Below this line is a set of entries; quote exactly the lines from the line that contains "(\<forall>\<alpha>\<in>R. \<forall>\<beta>\<in>R. 2" to the line that contains "(\<forall>\<alpha>\<in>R. \<forall>c::real. c", both lines included.

START Information provided

(* Let $\mathcal J=(\mathcal J_0\subseteq\cdots\subseteq\mathcal J_m)$ be a positive geometric chain of ideals in $\Phi^+$ of length $m$. Then for all $\alpha,\beta\in\Phi^+$ with $\alpha+\beta\in\Phi^+$, \[ r_\alpha(\mathcal J)+r_\beta(\mathcal J)-1\le r_{\alpha+\beta}(\mathcal J)\le r_\alpha(\mathcal J)+r_\beta(\mathcal J). \]
   Context: $\Phi$ is an irreducible crystallographic root system with positive system $\Phi^+$ and simple roots $\Pi$; the root poset is $\alpha\le\beta$ iff $\beta-\alpha$ is a nonnegative combination of positive roots; ideals are down-closed subsets. A geometric chain of ideals of length $m\ge1$ is a chain of ideals $\emptyset=\mathcal J_0\subseteq\mathcal J_1\subseteq\cdots\subseteq\mathcal J_m$ with $(\mathcal J_i+\mathcal J_j)\cap\Phi^+\subseteq\mathcal J_{i+j}$ whenever $i+j\le m$ and $(\mathcal I_i+\mathcal I_j)\cap\Phi^+\subseteq\mathcal I_{i+j}$ for all $i,j\ge 0$, where $\mathcal I_i=\Phi^+\setminus\mathcal J_i$ for $i\le m$ and $\mathcal I_i=\mathcal I_m$ for $i>m$; positive means $\Pi\subseteq\mathcal J_m$. For $\alpha\in\Phi^+$, $r_\alpha(\mathcal J)=\min\{r_1+\cdots+r_k:\ \alpha=\alpha_1+\cdots+\alpha_k,\ \alpha_i\in\mathcal J_{r_i},\ 1\le r_i\le m\}$ (well defined since $\Pi\subseteq\mathcal J_m$). *)

theory Defs
  imports "HOL-Analysis.Analysis"
begin

definition root_system :: "'a::euclidean_space set \<Rightarrow> bool" where
  "root_system R \<longleftrightarrow>
     finite R \<and> 0 \<notin> R \<and> span R = UNIV \<and>
     (\<forall>\<alpha>\<in>R. \<forall>\<beta>\<in>R. \<beta> - (2 * (\<beta> \<bullet> \<alpha>) / (\<alpha> \<bullet> \<alpha>)) *\<^sub>R \<alpha> \<in> R) \<and>
     (\<forall>\<alpha>\<in>R. \<forall>\<beta>\<in>R. 2 * (\<beta> \<bullet> \<alpha>) / (\<alpha> \<bullet> \<alpha>) \<in> \<int>) \<and>
     (\<forall>\<alpha>\<in>R. \<forall>c::real. c *\<^sub>R \<alpha> \<in> R \<longrightarrow> c = 1 \<or> c = -1)"

definition irreducible_rs :: "'a::euclidean_space set \<Rightarrow> bool" where
  "irreducible_rs R \<longleftrightarrow>
     \<not> (\<exists>A B. A \<noteq> {} \<and> B \<noteq> {} \<and> A \<union> B = R \<and> A \<inter> B = {} \<and>
            (\<forall>a\<in>A. \<forall>b\<in>B. a \<bullet> b = 0))"

definition simple_system :: "'a::euclidean_space set \<Rightarrow> 'a set \<Rightarrow> bool" where
  "simple_system R S \<longleftrightarrow> S \<subseteq> R \<and> independent S \<and>
     (\<forall>\<beta>\<in>R. \<exists>c::'a \<Rightarrow> nat.
        \<beta> = (\<Sum>\<alpha>\<in>S. real (c \<alpha>) *\<^sub>R \<alpha>) \<or> \<beta> = - (\<Sum>\<alpha>\<in>S. real (c \<alpha>) *\<^sub>R \<alpha>))"

definition positive_roots :: "'a::euclidean_space set \<Rightarrow> 'a set \<Rightarrow> 'a set" where
  "positive_roots R S = {\<beta>\<in>R. \<exists>c::'a \<Rightarrow> nat. \<beta> = (\<Sum>\<alpha>\<in>S. real (c \<alpha>) *\<^sub>R \<alpha>)}"

definition root_le :: "'a::euclidean_space set \<Rightarrow> 'a \<Rightarrow> 'a \<Rightarrow> bool" where
  "root_le P \<alpha> \<beta> \<longleftrightarrow> (\<exists>c::'a \<Rightarrow> real. (\<forall>\<gamma>\<in>P. c \<gamma> \<ge> 0) \<and> \<beta> - \<alpha> = (\<Sum>\<gamma>\<in>P. c \<gamma> *\<^sub>R \<gamma>))"

definition root_ideal :: "'a::euclidean_space set \<Rightarrow> 'a set \<Rightarrow> bool" where
  "root_ideal P I \<longleftrightarrow> I \<subseteq> P \<and> (\<forall>\<beta>\<in>I. \<forall>\<alpha>\<in>P. root_le P \<alpha> \<beta> \<longrightarrow> \<alpha> \<in> I)"

definition sumset_in :: "'a::euclidean_space set \<Rightarrow> 'a set \<Rightarrow> 'a set \<Rightarrow> 'a set" where
  "sumset_in P A B = {a + b | a b. a \<in> A \<and> b \<in> B} \<inter> P"

text \<open>Complements \<open>I_i\<close>, with \<open>I_i = I_m\<close> for \<open>i > m\<close>.\<close>
definition co_chain :: "'a::euclidean_space set \<Rightarrow> nat \<Rightarrow> (nat \<Rightarrow> 'a set) \<Rightarrow> nat \<Rightarrow> 'a set" where
  "co_chain P m J i = P - J (min i m)"

definition geometric_chain ::
  "'a::euclidean_space set \<Rightarrow> nat \<Rightarrow> (nat \<Rightarrow> 'a set) \<Rightarrow> bool" where
  "geometric_chain P m J \<longleftrightarrow>
     J 0 = {} \<and>
     (\<forall>i\<le>m. root_ideal P (J i)) \<and>
     (\<forall>i<m. J i \<subseteq> J (Suc i)) \<and>
     (\<forall>i j. i + j \<le> m \<longrightarrow> sumset_in P (J i) (J j) \<subseteq> J (i + j)) \<and>
     (\<forall>i j. sumset_in P (co_chain P m J i) (co_chain P m J j) \<subseteq> co_chain P m J (i + j))"

definition r_val :: "nat \<Rightarrow> (nat \<Rightarrow> 'a::euclidean_space set) \<Rightarrow> 'a \<Rightarrow> nat" where
  "r_val m J \<alpha> = (LEAST n. \<exists>xs :: ('a \<times> nat) list. xs \<noteq> [] \<and>
       (\<forall>(\<gamma>, r)\<in>set xs. 1 \<le> r \<and> r \<le> m \<and> \<gamma> \<in> J r) \<and>
       \<alpha> = sum_list (map fst xs) \<and> n = sum_list (map snd xs))"

end

theory Submission
  imports Defs
begin

(*
  The upper bound is subadditivity of r: concatenate optimal decompositions of alpha and beta.

  The lower bound is proved by induction on r(alpha + beta). Take an optimal decomposition of
  sigma = alpha + beta. If it has a single part, then sigma is in J_t with t = r(sigma); as J_t is
  an ideal, alpha and beta lie in J_t, and if a, b are the least indices with alpha in J_a and
  beta in J_b, then alpha in I_(a-1) and beta in I_(b-1) force sigma into I_(a+b-2), whence
  r(alpha) + r(beta) <= a + b <= t + 1. Otherwise (sigma, sigma) > 0 yields a part gamma with
  (sigma, gamma) > 0, so sigma - gamma is a root, positive by height, and sigma = delta + epsilon
  with r(delta) + r(epsilon) <= r(sigma). Expanding (alpha + beta, delta + epsilon) > 0 shows
  that, unless {alpha, beta} = {delta, epsilon}, one of alpha - delta, alpha - epsilon is +-rho
  for a positive root rho. Moving rho from one pair to the other, subadditivity and the
  induction hypothesis for delta or epsilon (whose r-values are smaller) give the bound.
*)

section \<open>Root systems\<close>

lemma root_system_uminus:
  assumes "root_system R" and "\<alpha> \<in> R"
  shows "- \<alpha> \<in> R"
proof -
  have "\<alpha> \<noteq> 0" using assms unfolding root_system_def by blast
  then have "\<alpha> - (2 * (\<alpha> \<bullet> \<alpha>) / (\<alpha> \<bullet> \<alpha>)) *\<^sub>R \<alpha> = - \<alpha>"
    by (simp add: scaleR_2)
  moreover have "\<alpha> - (2 * (\<alpha> \<bullet> \<alpha>) / (\<alpha> \<bullet> \<alpha>)) *\<^sub>R \<alpha> \<in> R"
    using assms unfolding root_system_def by blast
  ultimately show ?thesis by simp
qed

END Information provided

> _Answer for the task_
     (\<forall>\<alpha>\<in>R. \<forall>\<beta>\<in>R. 2 * (\<beta> \<bullet> \<alpha>) / (\<alpha> \<bullet> \<alpha>) \<in> \<int>) \<and>
     (\<forall>\<alpha>\<in>R. \<forall>c::real. c *\<^sub>R \<alpha> \<in> R \<longrightarrow> c = 1 \<or> c = -1)"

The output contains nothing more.